(* Fix $\lambda\in[0,1)$, $p\in[0,1]$, $T>0$, and consider the coupled construction below. Let $\mathcal{C}$ be the set of $\omega$ with $\lim_{N\to\infty}\sup_{t\in[0,T]}|W^N(\omega,t)-(1+\lambda)t|=0$ and $\lim_{N\to\infty}\frac1N\sum_{k=1}^N\mathbb{I}_{[a,b)}(U(\omega,k))=b-a$ for all $[a,b)\subset[0,1]$, $a<b$. Assume there is $\mathbf{v}^0\in\overline{\mathcal{V}}^\infty$ with $\|\mathbf{V}^N(\omega,0)-\mathbf{v}^0\|_w\to0$ for all $\omega\in\mathcal{C}$. Fix $\omega\in\mathcal{C}$ and let $\mathbf{x}=(\mathbf{v},\mathbf{a},\mathbf{l},\mathbf{c})$ be a coordinate-wise Lipschitz continuous function on $[0,T]$ that is the limit (each component in $d^{\mathbb{Z}_+}$) of some subsequence of $(\mathbf{X}^N(\omega,\cdot))_N$. Let $t$ be a point at which all coordinates of $\mathbf{x}$ are differentiable. Then for all $i\ge1$, $\dot{\mathbf{a}}_i(t)=\lambda(\mathbf{v}_{i-1}(t)-\mathbf{v}_i(t))$, $\dot{\mathbf{l}}_i(t)=(1-p)(\mathbf{v}_i(t)-\mathbf{v}_{i+1}(t))$, $\dot{\mathbf{c}}_i(t)=g_i(\mathbf{v}(t))$, with $\mathbf{v}(0)=\mathbf{v}^0$ and $\mathbf{v}_0(s)-\mathbf{v}_1(s)=1$ for all $s\in[0,T]$. In other words, all such limits $\mathbf{v}$ satisfy the fluid model equations.
   Context: $\mathcal{S}=\{\mathbf{s}\in[0,1]^{\mathbb{Z}_+}:1=\mathbf{s}_0\ge\mathbf{s}_1\ge\cdots\ge0\}$, $\overline{\mathcal{S}}^\infty=\{\mathbf{s}\in\mathcal{S}:\sum_{i\ge1}\mathbf{s}_i<\infty\}$, $\overline{\mathcal{V}}^\infty=\{\mathbf{v}:\mathbf{v}_i=\sum_{j\ge i}\mathbf{s}_j\ \forall i,\text{ for some }\mathbf{s}\in\overline{\mathcal{S}}^\infty\}$; $\|\mathbf{x}\|_w^2=\sum_{i\ge0}2^{-i}\mathbf{x}_i^2$; $d^{\mathbb{Z}_+}(\mathbf{x},\mathbf{y})=\sup_{t\in[0,T]}\|\mathbf{x}(t)-\mathbf{y}(t)\|_w$. $g_i(\mathbf{v})=p$ if $\mathbf{v}_i>0$, $=\min\{\lambda\mathbf{v}_{i-1},p\}$ if $\mathbf{v}_i=0<\mathbf{v}_{i-1}$, $=0$ if $\mathbf{v}_i=\mathbf{v}_{i-1}=0$. Coupled construction: $W$ a Poisson process of rate $1+\lambda$ on $\Omega_W$; $U(k)$, $k\ge1$, i.i.d. uniform on $[0,1]$ on $\Omega_U$; initial states $\mathbf{V}^{(0,N)}\in\overline{\mathcal{V}}^\infty$ with coordinates in $\frac1N\mathbb{Z}_+$ on $\Omega_0$; $\Omega$ the product. $W^N(t)=W(Nt)/N$, $t_k$ its $k$-th jump time. $\mathbf{V}^N(0)=\mathbf{V}^{(0,N)}$; $\mathbf{A}^N_i,\mathbf{L}^N_i,\mathbf{C}^N_i$ ($i\ge1$) start at 0, constant between jumps; at $t_k$: $\mathbf{A}^N_i\mathrel{+}=1/N$ for each $i\ge1$ with $U(k)\in\frac{\lambda}{1+\lambda}[0,\mathbf{V}^N_{i-1}(t_k-)-\mathbf{V}^N_i(t_k-))$; $\mathbf{L}^N_i\mathrel{+}=1/N$ for each $i\ge1$ with $U(k)\in\frac{\lambda}{1+\lambda}+\frac{1-p}{1+\lambda}[0,\mathbf{V}^N_i(t_k-)-\mathbf{V}^N_{i+1}(t_k-))$; if $U(k)\in[1-\frac{p}{1+\lambda},1)$, $\mathbf{C}^N_j\mathrel{+}=1/N$ for all $1\le j\le\sup\{i:\mathbf{V}^N_i(t_k-)>0\}$. $\mathbf{V}^N_i=\mathbf{V}^N_i(0)+\mathbf{A}^N_i-\mathbf{L}^N_i-\mathbf{C}^N_i$ ($i\ge1$), $\mathbf{V}^N_0=\mathbf{V}^N_1+1$; $\mathbf{X}^N=(\mathbf{V}^N,\mathbf{A}^N,\mathbf{L}^N,\mathbf{C}^N)$. *)

theory Defs
  imports "HOL-Analysis.Analysis"
begin

definition S_set :: "(nat \<Rightarrow> real) set" where
  "S_set = {s. (\<forall>i. 0 \<le> s i \<and> s i \<le> 1) \<and> s 0 = 1 \<and> (\<forall>i. s (Suc i) \<le> s i)}"

definition Sbar_inf :: "(nat \<Rightarrow> real) set" where
  "Sbar_inf = {s \<in> S_set. summable (\<lambda>i. s (Suc i))}"

definition Vbar_inf :: "(nat \<Rightarrow> real) set" where
  "Vbar_inf = {v. \<exists>s \<in> Sbar_inf. \<forall>i. v i = (\<Sum>j. s (j + i))}"

definition wnorm :: "(nat \<Rightarrow> real) \<Rightarrow> ennreal" where
  "wnorm x = (if summable (\<lambda>i. (1/2)^i * (x i)^2)
              then ennreal (sqrt (\<Sum>i. (1/2)^i * (x i)^2)) else \<infinity>)"

definition dZ :: "real \<Rightarrow> (real \<Rightarrow> nat \<Rightarrow> real) \<Rightarrow> (real \<Rightarrow> nat \<Rightarrow> real) \<Rightarrow> ennreal" where
  "dZ T x y = (SUP t\<in>{0..T}. wnorm (\<lambda>i. x t i - y t i))"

---*---

Starting from the data above, filter for lines with "definition" and copy each one.

definition S_set :: "(nat \<Rightarrow> real) set" where
definition Sbar_inf :: "(nat \<Rightarrow> real) set" where
definition Vbar_inf :: "(nat \<Rightarrow> real) set" where
definition wnorm :: "(nat \<Rightarrow> real) \<Rightarrow> ennreal" where
definition dZ :: "real \<Rightarrow> (real \<Rightarrow> nat \<Rightarrow> real) \<Rightarrow> (real \<Rightarrow> nat \<Rightarrow> real) \<Rightarrow> ennreal" where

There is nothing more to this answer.